Templeforth scowled. The expression emphasized his nascent wrinkles, but in essence, it simply made him look ugly—the worst imaginable effect, in the circumstances. There were certain effects of circumstances and temperament that the agent could not counter. The baronet was familiar with the effect, and he always tried suppress his surges of ill humor, in order to remain serene and handsome—but his powers of self-control were limited.

“I don’t understand your obsession with inducing the so-called agent to reproduce,” Sir Julian said, when he had regained his impassivity. “The point is to make the effect last, to make it permanent. You should be searching for a medicine that will prevent it from decaying in my body. That’s the key to the problem.”

From your viewpoint, yes, Mathieu thought. But from mine, you’re not the only one who matters. You’re just as much a trial subject as the poor donors.…

“Originally,” he said, babbling slightly. “I thought the extract might function like Jenner’s vaccine, that one dose might confer lasting immunity…and even when the effect proved temporary, I hoped to find a means of stabilizing in vitro, but it seems to me now that the agent is definitely alive, and mortal—in which case, finding a means of reproduction becomes vital to its preservation as well as its multiplication.”

Templeforth waved his hand, airily. “If you say so—but you’d better be right, and you had better deliver the answer soon. If not…” He let the sentence die there, not so much because he wanted it to sound like a threat, although he did, but because he did not want to contemplate the consequences of Mathieu’s ultimate failure. He had too much at stake.

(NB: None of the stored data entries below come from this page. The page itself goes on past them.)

(* Let $k\ge1$ and let $m$ be an integer such that $a_{k+1}q_k<m<q_{k+1}$. If $m\ne q_{k+1,a_{k+1}-1}$, and moreover $m\neq (a_{k+1}-1)q_k+2q_{k-1}$ in case $a_k=1$, then $\|m\alpha\|\ge\|q_{k-1}\alpha\|+(a_{k+1}+1)\|q_k\alpha\|$.
   Context: $\alpha\in(0,1)$ irrational, $\alpha=[0;a_1,a_2,\ldots]$ with positive integers $a_i$, $a_1\ge2$; $q_{-1}=0$, $q_0=1$, $q_1=a_1$, $q_k=a_kq_{k-1}+q_{k-2}$ ($k\ge2$). For $j\ge2$ and $1\le\ell<a_j$, $q_{j,\ell}=\ell q_{j-1}+q_{j-2}$ (denominators of semiconvergents). $\|x\|$ is the distance from $x$ to the nearest integer. *)

theory Defs
  imports Complex_Main
begin

text \<open>Continued fraction expansion via the Gauss map:
  x_0 = x, x_{n+1} = frac (1 / x_n); partial quotient a_n = floor (1 / x_{n-1}) for n >= 1.
  For irrational x in (0,1) this gives x = [0; a_1, a_2, ...].\<close>

fun cf_rem :: "real \<Rightarrow> nat \<Rightarrow> real" where
  "cf_rem x 0 = x"
| "cf_rem x (Suc n) = frac (1 / cf_rem x n)"

definition cf_a :: "real \<Rightarrow> nat \<Rightarrow> nat" where
  "cf_a x n = nat \<lfloor>1 / cf_rem x (n - 1)\<rfloor>"

fun cf_q :: "real \<Rightarrow> nat \<Rightarrow> nat" where
  "cf_q x 0 = 1"
| "cf_q x (Suc 0) = cf_a x 1"
| "cf_q x (Suc (Suc k)) = cf_a x (Suc (Suc k)) * cf_q x (Suc k) + cf_q x k"
lemma payoff_cat_eq_deviation_value:
  assumes Q: "Q \<in> gens E_set" and Qs: "Qs \<in> gens E_set"
    and int_Q: "\<And>j. set_integrable lborel {0..} (\<lambda>t. payoff_rate f Q t $ j)"
    and int_Qs: "\<And>j. set_integrable lborel {0..} (\<lambda>t. payoff_rate f Qs t $ j)"
    and "0 < e"
  shows "payoff_cat f i Q e Qs = deviation_value f Q Qs i e"
proof -
  define g where "g t = (mexp t Q *v payoff_rate f Q t) $ i" for t
  define u where "u t = mexp t Qs *v payoff_rate f Qs t" for t
  define C where "C = mexp e Q ** mexp (- e) Qs"
  define F where "F t = (cat_trans Q e Qs t *v payoff_rate f (cat_gen Q e Qs t) t) $ i" for t
  have F_init: "F t = g t" if "t \<in> {0..e}" for t
    using that by (simp add: F_def g_def cat_trans_def cat_gen_def)
  have F_tail: "F t = (\<Sum>m\<in>UNIV. C $ i $ m * u t $ m)" if "t \<in> {e<..}" for t
    using that cat_trans_after[of e t Q Qs] unfolding C_def[symmetric]
    by (simp add: F_def u_def cat_gen_def matrix_vector_mul_assoc[symmetric]
        matrix_vector_mult_def[of C])
  have u_int: "set_integrable lborel {0..} (\<lambda>t. u t $ m)" for m
    unfolding u_def using Qs int_Qs by (rule set_integrable_mexp_mult)
  have "set_integrable lborel {0..e} F \<longleftrightarrow> set_integrable lborel {0..e} g"
    by (rule set_integrable_cong) (simp_all add: F_init)
  then have "set_integrable lborel {0..e} F"
    unfolding g_def by (auto intro: set_integrable_subset[OF set_integrable_mexp_mult[OF Q int_Q]])
  moreover have "set_integrable lborel {e<..} F \<longleftrightarrow>
      set_integrable lborel {e<..} (\<lambda>t. \<Sum>m\<in>UNIV. C $ i $ m * u t $ m)"
    by (rule set_integrable_cong) (simp_all add: F_tail)
  then have "set_integrable lborel {e<..} F"
    using \<open>0 < e\<close> by (auto intro!: set_integrable_sum set_integrable_subset[OF u_int])
  ultimately have "set_integrable lborel ({0..e} \<union> {e<..}) F"
    by (rule set_integrable_Un) auto
  moreover have "{0..e} \<union> {e<..} = {0::real..}" using \<open>0 < e\<close> by auto
  ultimately have F_int: "set_integrable lborel {0..} F" by simp
  have "payoff_cat f i Q e Qs = (LINT t:{0..}|lborel. F t)"
    by (simp add: payoff_cat_def F_def payoff_rate_def matrix_vector_mult_def)
  also have "\<dots> = integral {0..e} F + (LINT t:{e<..}|lborel. F t)"
    using F_int \<open>0 < e\<close> by (simp add: set_integral_split_at)
  also have "integral {0..e} F = integral {0..e} g"
    by (rule integral_cong) (simp add: F_init)
  also have "(LINT t:{e<..}|lborel. F t) = (LINT t:{e<..}|lborel. (\<Sum>m\<in>UNIV. C $ i $ m * u t $ m))"
    by (rule set_lebesgue_integral_cong) (simp_all add: F_tail)
  also have "\<dots> = (\<Sum>m\<in>UNIV. C $ i $ m * (LINT t:{e<..}|lborel. u t $ m))"
    using \<open>0 < e\<close> by (subst set_integral_sum) (auto intro!: set_integrable_subset[OF u_int])
  also have "\<dots> = ((C ** mexp e Qs) *v tail_value f Qs e) $ i"
    using \<open>0 < e\<close>
    by (simp add: u_def set_integral_greaterThan_eq_tail_value[OF Qs int_Qs]
        matrix_vector_mul_assoc[symmetric] matrix_vector_mult_def[of C])
  finally show ?thesis
    by (simp add: deviation_value_def g_def C_def matrix_mul_assoc[symmetric] mexp_minus_inverse)
qed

After a brief pause, he went on. “I understand that explorers don’t always find what they’re hoping to find right away, Dr. Galmier, but when they don’t, they have to adapt their plans, or perish. Cormack can get you more raw material easily enough, and I have no alternative but to keep funding the operation, but don’t expect my patience to last forever. East End sluts are cheap enough, and there’s no shortage of supply, but you’re costing me dear in rent, laboratory supplies and living expenses. There’s a limit to the indulgence you can expect in terms of messing about with your damned serums and substrates.”

Sir Julian was now staring at Mathieu in a markedly insistent fashion, as if he were attempting to mesmerize his visitor, or at least to dominate him by the power of his will. The stare was difficult to resist, even though it had no occult force. Mathieu had to admit that the baronet presently had the appearance of an idealized natural aristocrat, possessed of an innate right to rule. Sir Julian’s title was meager, but his bearing was not; he gave the impression, for the moment, of being a seventeenth-century Cavalier displaced into the nineteenth century by some freak of time, reminiscent of a lush Dutch portrait of Prince Rupert of the Rhine, and he seemed genuinely to believe that if he only handed out his orders firmly enough, they would simply be obeyed, without regard to the limits of possibility.

Sir Julian Templeforth was a handsome man nowadays, Mathieu thought, proudly. There was nothing in the least unmasculine about him—indeed, he had an exceptionally robust and virile frame—but only a few days ago his face had had a particular perfection of form and complexion that was rarely seen in a male of the species. His black hair had been sleek and glossy, with a hint of a natural curl, and his sky-blue eyes had a clarity that was quite marvelous, even in the Celtic type that routinely combined dark hair with blue or green eyes. The tarnish that was now beginning to set in was slight, as yet, but no one looked in a mirror quite as sensitively and scrupulously as Sir Julian, and the baronet was well aware by now how rapidly his trivial symptoms deteriorated. By the end of the week, if the treatment were not renewed, he would be manifestly unhandsome even to the most casual glance.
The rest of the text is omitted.